Tournament statistics
- Matches played: 45

= 1993–94 DFB-Pokal Frauen =

The Frauen DFB-Pokal 1993–94 was the 14th season of the cup competition, Germany's second-most important title in women's football. In the final which was held in Berlin on 14 May 1994 Grün-Weiß Brauweiler met TSV Siegen just as in the previous season. This time Brauweiler won 2–1, thus winning their second cup title. In a reissue of the cup final four weeks later Siegen defeated Brauweiler 1–0 in the final of championship.

== First round ==

Several clubs had byes in the first round. Those clubs were automatically qualified for the 2nd round of the cup. For reasons unknown TuS Wörrstadt and FC Rumeln-Kaldenhausen chose not to attend. The first round was held from 7 July to 11 August 1993.

| FC Sankt Augustin | 0 – 5 | VfB Rheine |
| SV Brackel | 2 – 0 | KBC Duisburg |
| SV Viktoria Gersten | 1 – 4 | SSG Bergisch Gladbach |
| BSV Müssen | 0 – 5 | Grün-Weiß Brauweiler |
| Fortuna Dilkrath | 0 – 12 | TSV Siegen |
| Hertha Zehlendorf | 0 – 5 | Tennis Borussia Berlin |
| Polizei SV Rostock | 4 – 2 | Fortuna Sachsenroß Hannover |
| Wittenseer SV | 0 – 6 | VfR Eintracht Wolfsburg |
| TSV Schwaben Augsburg | 1 – 2 | VfL Sindelfingen |
| TSV Ludwigsburg | 0 – 5 | TuS Niederkirchen |
| SV Zussdorf | 1 – 5 | Klinge Seckach |
| SV Weißkirchen | 0 – 8 | VfR 09 Saarbrücken |
| TSV Eschollbrücken | 0 – 5 | FSV Frankfurt |
| SC 07 Bad Neuenahr | 2 – 7 | SG Praunheim |

== Second round ==

The second round was held on 28–29 August 1993.

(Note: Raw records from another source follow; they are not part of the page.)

lemma g_mult: "g A B * g A' B = g (A \<union> A') B"
  unfolding g_def by simp

lemma lincomb_union_conv: "lincomb (union_conv p q) = lincomb p * lincomb q"
proof
  fix B
  have "lincomb (union_conv p q) B =
      (\<Sum>D\<in>P4. \<Sum>A\<in>P4. \<Sum>A'\<in>P4. if A \<union> A' = D then p A * q A' * g D B else 0)"
    unfolding lincomb_def union_conv_def sum_distrib_right by (intro sum.cong refl) simp
  also have "\<dots> =
      (\<Sum>A\<in>P4. \<Sum>A'\<in>P4. \<Sum>D\<in>P4. if A \<union> A' = D then p A * q A' * g D B else 0)"
    by (subst sum.swap) (rule sum.cong[OF refl sum.swap])
  also have "\<dots> = (\<Sum>A\<in>P4. \<Sum>A'\<in>P4. p A * q A' * g (A \<union> A') B)"
    by (intro sum.cong refl) (simp add: sum.delta'[OF finite_P4] Un_in_P4)
  also have "\<dots> = lincomb p B * lincomb q B"
    unfolding lincomb_def sum_product g_mult[symmetric] by (simp add: ac_simps)
  finally show "lincomb (union_conv p q) B = (lincomb p * lincomb q) B"
    by simp
qed

lemma union_conv_dvd:
  assumes "\<And>A A'. A \<in> P4 \<Longrightarrow> A' \<in> P4 \<Longrightarrow> A \<union> A' = D \<Longrightarrow> d dvd p A * q A'"
  shows "d dvd union_conv p q D"
  unfolding union_conv_def using assms by (auto intro!: dvd_sum)

lemma coeff_ok_double_union_conv:
  assumes p: "coeff_ok p" and q: "coeff_ok q"
  shows "coeff_ok (\<lambda>D. 2 * union_conv p q D)"
proof -
  have meets: "2 dvd union_conv p q D" if "D \<inter> {2,4} \<noteq> {}" for D
  proof (rule union_conv_dvd)
    fix A A' assume A: "A \<in> P4" "A' \<in> P4" "A \<union> A' = D"
    with that consider "A \<inter> {2,4} \<noteq> {}" | "A' \<inter> {2,4} \<noteq> {}"
      by blast
    then show "2 dvd p A * q A'"
      by cases (use A coeff_ok_dvd_2_if_meets[OF p] coeff_ok_dvd_2_if_meets[OF q] in auto)
  qed
  have contains: "4 dvd union_conv p q D" if "{2,4} \<subseteq> D" for D
  proof (rule union_conv_dvd)
    fix A A' assume A: "A \<in> P4" "A' \<in> P4" "A \<union> A' = D"
    show "4 dvd p A * q A'"
    proof (cases "{2,4} \<subseteq> A \<or> {2,4} \<subseteq> A'")
      case True
      with A p q show ?thesis by (auto simp: coeff_ok_iff)
    next
      case False
      with A that have "A \<inter> {2,4} \<noteq> {}" "A' \<inter> {2,4} \<noteq> {}" by blast+
      with A have "2 dvd p A" "2 dvd q A'"
        using coeff_ok_dvd_2_if_meets[OF p] coeff_ok_dvd_2_if_meets[OF q] by auto
      then show ?thesis using mult_dvd_mono by fastforce
    qed
  qed
  show ?thesis
    unfolding coeff_ok_iff
    using meets contains by (auto simp: dvd_4_double_iff double_eq_0_iff intro!: dvd_diff)
qed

| SV Brackel | 0 – 9 | TSV Siegen |
| Teutonia Weiden | 1 – 2 | SSG Bergisch Gladbach |
| FT Geestemünde | 0 – 12 | Grün-Weiß Brauweiler |
| STV Lövenich | 0 – 2 | VfB Rheine |
| SV Rheinfreunde Düsseldorf | 2 – 5 | TV Jahn Delmenhorst |
| SV Moorfleet | 1 – 9 | VfR Eintracht Wolfsburg |
| Turbine Potsdam | 4 – 5 | Tennis Borussia Berlin |
| Polizei SV Rostock | 4 – 0 | SG Erbstorf |
| TSV Crailsheim | 0 – 5 | SG Praunheim |
| Fortuna Magdeburg | 0 – 6 | TSV Battenberg |
| Uni SV Jena | 0 – 5 | TuS Ahrbach |
| Viktoria Neckarhausen | 0 – 5 | FSV Frankfurt |
| SC Siegelbach | 0 – 11 | VfR 09 Saarbrücken |
| Bayern Munich | 1 – 4 | Klinge Seckach |
| Wacker München | 0 – 1 | TuS Niederkirchen |
| FC Sankt Georgen | 1 – 5 | VfL Sindelfingen |

== Third round ==

The third round was held on 7 November 1993.

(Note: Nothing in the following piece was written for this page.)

(* For each $t$, \[ \mathbb{E}\Big[\sum_{n<t}\bar L_n(x_{n+1},y_{n+1})-\min_{x\in\mathcal{X}}\max_{y\in\mathcal{Y}}\sum_{n<t}\bar L_n(x,y)\Big]\ge -G\sum_{n<t}\mathbb{E}\|x_n-x_{n+1}\|_1-G\sum_{n<t}\mathbb{E}\|y'_n-y_{n+1}\|_1-2T^{2/3}(\log d+1)x_{\max}, \] and \[ \mathbb{E}\Big[\sum_{n<t}\bar L_n(x_{n+1},y_{n+1})-\min_{x\in\mathcal{X}}\max_{y\in\mathcal{Y}}\sum_{n<t}\bar L_n(x,y)\Big]\le G\sum_{n<t}\mathbb{E}\|y''_n-y_{n+1}\|_1+2T^{2/3}(\log d+1)x_{\max}. \]
   Context: Let $\mathcal{X}\subseteq\mathbb{R}^d$ be compact, $x_{\max}:=\max_{x\in\mathcal{X}}\|x\|_1$. For $t=1,\dots,T$, $f_t,c_{it}:\mathcal{X}\to\mathbb{R}$ ($i=1,\dots,I$) are $G_0$-Lipschitz w.r.t. $\ell_1$, $b_i\ge0$, and for $y=(\gamma_1,\dots,\gamma_I)$, $L_t(x,y)=f_t(x)+\sum_i\gamma_i[c_{it}(x)-b_i]$. Fix $\lambda>0$, $y_{\max}>0$, $\mathcal{Y}=[0,y_{\max}]^I$, and $\bar L_n(x,y)=L_n(x,y)+\frac{\lambda}{n^{1/9}}\sum_i\log(\gamma_i+1)$. $G>0$ is a constant such that for all $n$, $\bar L_n$ is $G$-Lipschitz in $x$ (for fixed $y\in\mathcal{Y}$) and in $y$ (for fixed $x\in\mathcal{X}$) with respect to $\ell_1$-norms. A global minimax point of $h$ on $\mathcal{X}\times\mathcal{Y}$ is $(x^*,y^* )$ with $h(x^*,y)\le h(x^*,y^* )\le\max_{y'\in\mathcal{Y}}h(x,y')$ for all $x,y$. Algorithm (FTDPL with $M=1$): $\eta=T^{-2/3}$; at each period $t$, draw $\theta_t\in\mathbb{R}^d$ with i.i.d. coordinates exponentially distributed with parameter $\eta$, independent across $t$, and let $(x_t,y_t)$ be a global minimax point of $(x,y)\mapsto\sum_{n<t}\bar L_n(x,y)-\theta_t^\top x$ on $\mathcal{X}\times\mathcal{Y}$. Define $y'_t=\arg\max_{y\in\mathcal{Y}}\{\sum_{n<t+1}\bar L_n(x_t,y)-\theta_{t+1}^\top x_t\}$ and $y''_t=\arg\max_{y\in\mathcal{Y}}\{\sum_{n<t}\bar L_n(x_{t+1},y)-\theta_t^\top x_{t+1}\}$. Expectations are over the $\theta$'s. *)

theory Defs
  imports "HOL-Analysis.Analysis" "HOL-Probability.Probability"
begin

| VfB Rheine | 1 – 1 | TuS Niederkirchen | (2–0 on penalties) |
| VfL Sindelfingen | 1 – 1 | VfR 09 Saarbrücken | (5–6 on penalties) |
| Klinge Seckach | 4 – 1 | VfR Eintracht Wolfsburg |
| TSV Battenberg | 2 – 1 | FSV Frankfurt |
| Polizei SV Rostock | 2 – 1 | SSG Bergisch Gladbach |
| SG Praunheim | 0 – 2 | TSV Siegen |
| TuS Ahrbach | 1 – 0 | Tennis Borussia Berlin |
| Grün-Weiß Brauweiler | 6 – 0 | TV Jahn Delmenhorst |

== Quarter-finals ==

The quarter-finals were held on 28 November 1993 and 13 February 1994.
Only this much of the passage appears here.